*** DATA FOR ANALYSIS ***

definition sum_dual_norm ::
  "('y::real_normed_vector) set \<Rightarrow> ('x \<Rightarrow> 'y \<Rightarrow> real) \<Rightarrow> ('x \<Rightarrow> real) \<Rightarrow> ('y \<Rightarrow> real) \<Rightarrow> real" where
  "sum_dual_norm Yk Nk xs ys = Sup {\<bar>xs x + ys y\<bar> | x y. y \<in> Yk \<and> Nk x y \<le> 1}"

text \<open>\<Sigma>(X \<oplus> Y k): an element x + y_1 + y_2 + ... is represented by the pair (x, (y_k)_k).\<close>
definition Sigma_set :: "(nat \<Rightarrow> 'y::real_normed_vector set) \<Rightarrow> ('x \<times> (nat \<Rightarrow> 'y)) set" where
  "Sigma_set Y = {(x, ys). (\<forall>k. ys k \<in> Y k) \<and> summable (\<lambda>k. (norm (ys k))\<^sup>2)}"

definition Lambda_fun ::
  "(nat \<Rightarrow> 'y::real_normed_vector set) \<Rightarrow> ('x \<Rightarrow> real) \<Rightarrow> (nat \<Rightarrow> real) \<Rightarrow> (nat \<Rightarrow> 'y \<Rightarrow> real)
     \<Rightarrow> ('x \<times> (nat \<Rightarrow> 'y) \<Rightarrow> real)" where
  "Lambda_fun Y xs \<alpha> ys =
     restrict (\<lambda>(x, yy). xs x + (\<Sum>k. \<alpha> k * ys k (yy k))) (Sigma_set Y)"

definition Lambda_set ::
  "(nat \<Rightarrow> 'y::real_normed_vector set) \<Rightarrow> (nat \<Rightarrow> 'x::real_normed_vector \<Rightarrow> 'y \<Rightarrow> real)
     \<Rightarrow> ('x \<times> (nat \<Rightarrow> 'y) \<Rightarrow> real) set" where
  "Lambda_set Y N = {Lambda_fun Y xs \<alpha> ys | xs \<alpha> ys.
      bounded_linear xs \<and> (\<forall>k. ys k \<in> dual_on (Y k)) \<and>
      (\<forall>k. sum_dual_norm (Y k) (N k) xs (ys k) \<le> 1) \<and>
      (\<forall>k. 0 \<le> \<alpha> k \<and> \<alpha> k \<le> 1) \<and> summable (\<lambda>k. (\<alpha> k)\<^sup>2) \<and> (\<Sum>k. (\<alpha> k)\<^sup>2) \<le> 1}"

definition Sigma_norm ::
  "(nat \<Rightarrow> 'y::real_normed_vector set) \<Rightarrow> (nat \<Rightarrow> 'x::real_normed_vector \<Rightarrow> 'y \<Rightarrow> real)
     \<Rightarrow> ('x \<times> (nat \<Rightarrow> 'y)) \<Rightarrow> real" where
  "Sigma_norm Y N z = Sup {\<bar>f z\<bar> | f. f \<in> Lambda_set Y N}"

definition sig_add :: "('x::real_vector \<times> (nat \<Rightarrow> 'y::real_vector)) \<Rightarrow> ('x \<times> (nat \<Rightarrow> 'y)) \<Rightarrow> ('x \<times> (nat \<Rightarrow> 'y))" where
  "sig_add z w = (fst z + fst w, \<lambda>k. snd z k + snd w k)"
definition sig_scale :: "real \<Rightarrow> ('x::real_vector \<times> (nat \<Rightarrow> 'y::real_vector)) \<Rightarrow> ('x \<times> (nat \<Rightarrow> 'y))" where
  "sig_scale c z = (c *\<^sub>R fst z, \<lambda>k. c *\<^sub>R snd z k)"

definition Sigma_dual ::
  "(nat \<Rightarrow> 'y::real_normed_vector set) \<Rightarrow> (nat \<Rightarrow> 'x::real_normed_vector \<Rightarrow> 'y \<Rightarrow> real)
     \<Rightarrow> ('x \<times> (nat \<Rightarrow> 'y) \<Rightarrow> real) set" where
  "Sigma_dual Y N = {f \<in> extensional (Sigma_set Y).
      (\<forall>z\<in>Sigma_set Y. \<forall>w\<in>Sigma_set Y. \<forall>a b.
          f (sig_add (sig_scale a z) (sig_scale b w)) = a * f z + b * f w) \<and>
      (\<exists>C. \<forall>z\<in>Sigma_set Y. \<bar>f z\<bar> \<le> C * Sigma_norm Y N z)}"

*** End of DATA FOR ANALYSIS ***

> _TASK OBJECTIVE_: Return every line of the preceding records in which the word "summable" appears.

> _RESULT OF THIS EXERCISE_:
  "Sigma_set Y = {(x, ys). (\<forall>k. ys k \<in> Y k) \<and> summable (\<lambda>k. (norm (ys k))\<^sup>2)}"
      (\<forall>k. 0 \<le> \<alpha> k \<and> \<alpha> k \<le> 1) \<and> summable (\<lambda>k. (\<alpha> k)\<^sup>2) \<and> (\<Sum>k. (\<alpha> k)\<^sup>2) \<le> 1}"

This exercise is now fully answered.